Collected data
-*-*-
lemma branch_Int:
  assumes uv: "{u, v} \<in> E"
  shows "branch u v \<inter> branch v u = {}"
proof (rule ccontr)
  assume "branch u v \<inter> branch v u \<noteq> {}"
  then obtain x where "(adj (E - {{u, v}}))\<^sup>*\<^sup>* u x" "(adj (E - {{u, v}}))\<^sup>*\<^sup>* v x"
    by (auto simp: branch_def insert_commute)
  then have "(adj (E - {{u, v}}))\<^sup>*\<^sup>* u v"
    by (meson rtranclp_trans sympD[OF symp_rtranclp[OF symp_adj]])
  then show False
    using acyclic_edge_is_bridge[of E u v] uv edge_endpoints[OF uv] is_tree
    by (simp add: is_tree_def)
qed

lemma edge_across_branches:
  assumes "{u, v} \<in> E" "{x, y} \<in> E" "x \<in> branch u v" "y \<in> branch v u"
  shows "{x, y} = {u, v}"
  using branch_closed[OF assms(1,3,2)] branch_Int[OF assms(1)] assms(4) by blast

definition neighbours :: "'a \<Rightarrow> 'a set" where
  "neighbours x = {y. {x, y} \<in> E}"

lemma finite_neighbours: "finite (neighbours x)"
  using finite_subset[OF _ finite_V, of "neighbours x"] edge_endpoints
  by (auto simp: neighbours_def)

lemma vertices_eq_UN_branches:
  assumes "x \<in> V"
  shows "V - {x} = (\<Union>y\<in>neighbours x. branch y x)"
proof
  show "V - {x} \<subseteq> (\<Union>y\<in>neighbours x. branch y x)"
  proof
    fix z assume z: "z \<in> V - {x}"
    have "(adj E)\<^sup>*\<^sup>* x z" using connected assms z by blast
    then have "z = x \<or> (\<exists>y\<in>neighbours x. z \<in> branch y x)"
    proof (induction rule: rtranclp_induct)
      case base
      then show ?case by simp
    next
      case (step p q)
      have pq: "{p, q} \<in> E" using step.hyps(2) by (simp add: adj_def)
      from step.IH show ?case
      proof
        assume "p = x"
        then show ?thesis
          using pq self_in_branch[of q x] by (auto simp: neighbours_def insert_commute)
      next
        assume "\<exists>y\<in>neighbours x. p \<in> branch y x"
        then obtain y where y: "{y, x} \<in> E" "y \<in> neighbours x" "p \<in> branch y x"
          by (auto simp: neighbours_def insert_commute)
        show ?thesis
        proof (cases "{p, q} = {y, x}")
          case True
          then show ?thesis
            using y self_in_branch[OF y(1)] by (auto simp: doubleton_eq_iff)
        next
          case False
          then show ?thesis using branch_closed[OF y(1,3) pq] y(2) by blast
        qed
      qed
    qed
    then show "z \<in> (\<Union>y\<in>neighbours x. branch y x)" using z by blast
  qed
next
  show "(\<Union>y\<in>neighbours x. branch y x) \<subseteq> V - {x}"
    using branch_subset branch_Int self_in_branch
    by (fastforce simp: neighbours_def insert_commute)
qed

lemma branch_subset_opposite_branch:
  assumes xy: "{x, y} \<in> E" and xz: "{x, z} \<in> E" and "y \<noteq> z"
  shows "branch y x \<subseteq> branch x z"
proof
  fix w assume "w \<in> branch y x"
  then have "(adj (E - {{y, x}}))\<^sup>*\<^sup>* y w" by (simp add: branch_def)
  then show "w \<in> branch x z"
  proof (induction rule: rtranclp_induct)
    case base
    show ?case
      using branch_closed[OF xz self_in_branch[OF xz] xy] assms by (auto simp: doubleton_eq_iff)
  next
    case (step p q)
    have pq: "{p, q} \<in> E" "{p, q} \<noteq> {y, x}" using step.hyps(2) by (auto simp: adj_def)
    have "p \<in> branch y x" "q \<in> branch y x"
      using step.hyps edge_endpoints[OF pq(1)] by (auto simp: branch_def
          intro: rtranclp.rtrancl_into_rtrancl)
    moreover have "x \<notin> branch y x"
      using branch_Int[OF xy] self_in_branch[OF xy] by blast
    ultimately have "{p, q} \<noteq> {x, z}" by (auto simp: doubleton_eq_iff)
    then show ?case using branch_closed[OF xz step.IH pq(1)] by blast
  qed
qed

lemma branches_disjoint:
  assumes "y \<in> neighbours x" "z \<in> neighbours x" "y \<noteq> z"
  shows "branch y x \<inter> branch z x = {}"
proof -
  have xy: "{x, y} \<in> E" and xz: "{x, z} \<in> E" using assms by (auto simp: neighbours_def)
  have "branch z x = V - branch x z"
    using branch_Un[OF xz] branch_Int[OF xz] by blast
  then show ?thesis using branch_subset_opposite_branch[OF xy xz assms(3)] by blast
qed

end

lemma sum_nonneg_int_eq_1_imp_ex1:
  fixes f :: "'b \<Rightarrow> int"
  assumes "finite S" "\<And>y. y \<in> S \<Longrightarrow> f y \<ge> 0" "sum f S = 1"
  shows "\<exists>!y. y \<in> S \<and> f y = 1"
proof -
  have le_1: "f y \<le> 1" if "y \<in> S" for y
    using member_le_sum[of y S f] that assms by simp
  have "\<exists>y\<in>S. f y \<noteq> 0"
    using assms(3) by (metis sum.neutral zero_neq_one)
  then obtain y where y: "y \<in> S" "f y = 1"
    using le_1 assms(2) by force
  moreover have "z = y" if "z \<in> S" "f z = 1" for z
  proof (rule ccontr)
    assume "z \<noteq> y"
    then have "sum f {y, z} = 2" using y that by simp
    moreover have "sum f {y, z} \<le> sum f S"
      using assms y that by (intro sum_mono2) auto
    ultimately show False using assms(3) by simp
  qed
  ultimately show ?thesis by blast
qed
-*-*-
Output the records above in their entirety, exactly.

lemma branch_Int:
  assumes uv: "{u, v} \<in> E"
  shows "branch u v \<inter> branch v u = {}"
proof (rule ccontr)
  assume "branch u v \<inter> branch v u \<noteq> {}"
  then obtain x where "(adj (E - {{u, v}}))\<^sup>*\<^sup>* u x" "(adj (E - {{u, v}}))\<^sup>*\<^sup>* v x"
    by (auto simp: branch_def insert_commute)
  then have "(adj (E - {{u, v}}))\<^sup>*\<^sup>* u v"
    by (meson rtranclp_trans sympD[OF symp_rtranclp[OF symp_adj]])
  then show False
    using acyclic_edge_is_bridge[of E u v] uv edge_endpoints[OF uv] is_tree
    by (simp add: is_tree_def)
qed

lemma edge_across_branches:
  assumes "{u, v} \<in> E" "{x, y} \<in> E" "x \<in> branch u v" "y \<in> branch v u"
  shows "{x, y} = {u, v}"
  using branch_closed[OF assms(1,3,2)] branch_Int[OF assms(1)] assms(4) by blast

definition neighbours :: "'a \<Rightarrow> 'a set" where
  "neighbours x = {y. {x, y} \<in> E}"

lemma finite_neighbours: "finite (neighbours x)"
  using finite_subset[OF _ finite_V, of "neighbours x"] edge_endpoints
  by (auto simp: neighbours_def)

lemma vertices_eq_UN_branches:
  assumes "x \<in> V"
  shows "V - {x} = (\<Union>y\<in>neighbours x. branch y x)"
proof
  show "V - {x} \<subseteq> (\<Union>y\<in>neighbours x. branch y x)"
  proof
    fix z assume z: "z \<in> V - {x}"
    have "(adj E)\<^sup>*\<^sup>* x z" using connected assms z by blast
    then have "z = x \<or> (\<exists>y\<in>neighbours x. z \<in> branch y x)"
    proof (induction rule: rtranclp_induct)
      case base
      then show ?case by simp
    next
      case (step p q)
      have pq: "{p, q} \<in> E" using step.hyps(2) by (simp add: adj_def)
      from step.IH show ?case
      proof
        assume "p = x"
        then show ?thesis
          using pq self_in_branch[of q x] by (auto simp: neighbours_def insert_commute)
      next
        assume "\<exists>y\<in>neighbours x. p \<in> branch y x"
        then obtain y where y: "{y, x} \<in> E" "y \<in> neighbours x" "p \<in> branch y x"
          by (auto simp: neighbours_def insert_commute)
        show ?thesis
        proof (cases "{p, q} = {y, x}")
          case True
          then show ?thesis
            using y self_in_branch[OF y(1)] by (auto simp: doubleton_eq_iff)
        next
          case False
          then show ?thesis using branch_closed[OF y(1,3) pq] y(2) by blast
        qed
      qed
    qed
    then show "z \<in> (\<Union>y\<in>neighbours x. branch y x)" using z by blast
  qed
next
  show "(\<Union>y\<in>neighbours x. branch y x) \<subseteq> V - {x}"
    using branch_subset branch_Int self_in_branch
    by (fastforce simp: neighbours_def insert_commute)
qed

lemma branch_subset_opposite_branch:
  assumes xy: "{x, y} \<in> E" and xz: "{x, z} \<in> E" and "y \<noteq> z"
  shows "branch y x \<subseteq> branch x z"
proof
  fix w assume "w \<in> branch y x"
  then have "(adj (E - {{y, x}}))\<^sup>*\<^sup>* y w" by (simp add: branch_def)
  then show "w \<in> branch x z"
  proof (induction rule: rtranclp_induct)
    case base
    show ?case
      using branch_closed[OF xz self_in_branch[OF xz] xy] assms by (auto simp: doubleton_eq_iff)
  next
    case (step p q)
    have pq: "{p, q} \<in> E" "{p, q} \<noteq> {y, x}" using step.hyps(2) by (auto simp: adj_def)
    have "p \<in> branch y x" "q \<in> branch y x"
      using step.hyps edge_endpoints[OF pq(1)] by (auto simp: branch_def
          intro: rtranclp.rtrancl_into_rtrancl)
    moreover have "x \<notin> branch y x"
      using branch_Int[OF xy] self_in_branch[OF xy] by blast
    ultimately have "{p, q} \<noteq> {x, z}" by (auto simp: doubleton_eq_iff)
    then show ?case using branch_closed[OF xz step.IH pq(1)] by blast
  qed
qed

lemma branches_disjoint:
  assumes "y \<in> neighbours x" "z \<in> neighbours x" "y \<noteq> z"
  shows "branch y x \<inter> branch z x = {}"
proof -
  have xy: "{x, y} \<in> E" and xz: "{x, z} \<in> E" using assms by (auto simp: neighbours_def)
  have "branch z x = V - branch x z"
    using branch_Un[OF xz] branch_Int[OF xz] by blast
  then show ?thesis using branch_subset_opposite_branch[OF xy xz assms(3)] by blast
qed

end

lemma sum_nonneg_int_eq_1_imp_ex1:
  fixes f :: "'b \<Rightarrow> int"
  assumes "finite S" "\<And>y. y \<in> S \<Longrightarrow> f y \<ge> 0" "sum f S = 1"
  shows "\<exists>!y. y \<in> S \<and> f y = 1"
proof -
  have le_1: "f y \<le> 1" if "y \<in> S" for y
    using member_le_sum[of y S f] that assms by simp
  have "\<exists>y\<in>S. f y \<noteq> 0"
    using assms(3) by (metis sum.neutral zero_neq_one)
  then obtain y where y: "y \<in> S" "f y = 1"
    using le_1 assms(2) by force
  moreover have "z = y" if "z \<in> S" "f z = 1" for z
  proof (rule ccontr)
    assume "z \<noteq> y"
    then have "sum f {y, z} = 2" using y that by simp
    moreover have "sum f {y, z} \<le> sum f S"
      using assms y that by (intro sum_mono2) auto
    ultimately show False using assms(3) by simp
  qed
  ultimately show ?thesis by blast
qed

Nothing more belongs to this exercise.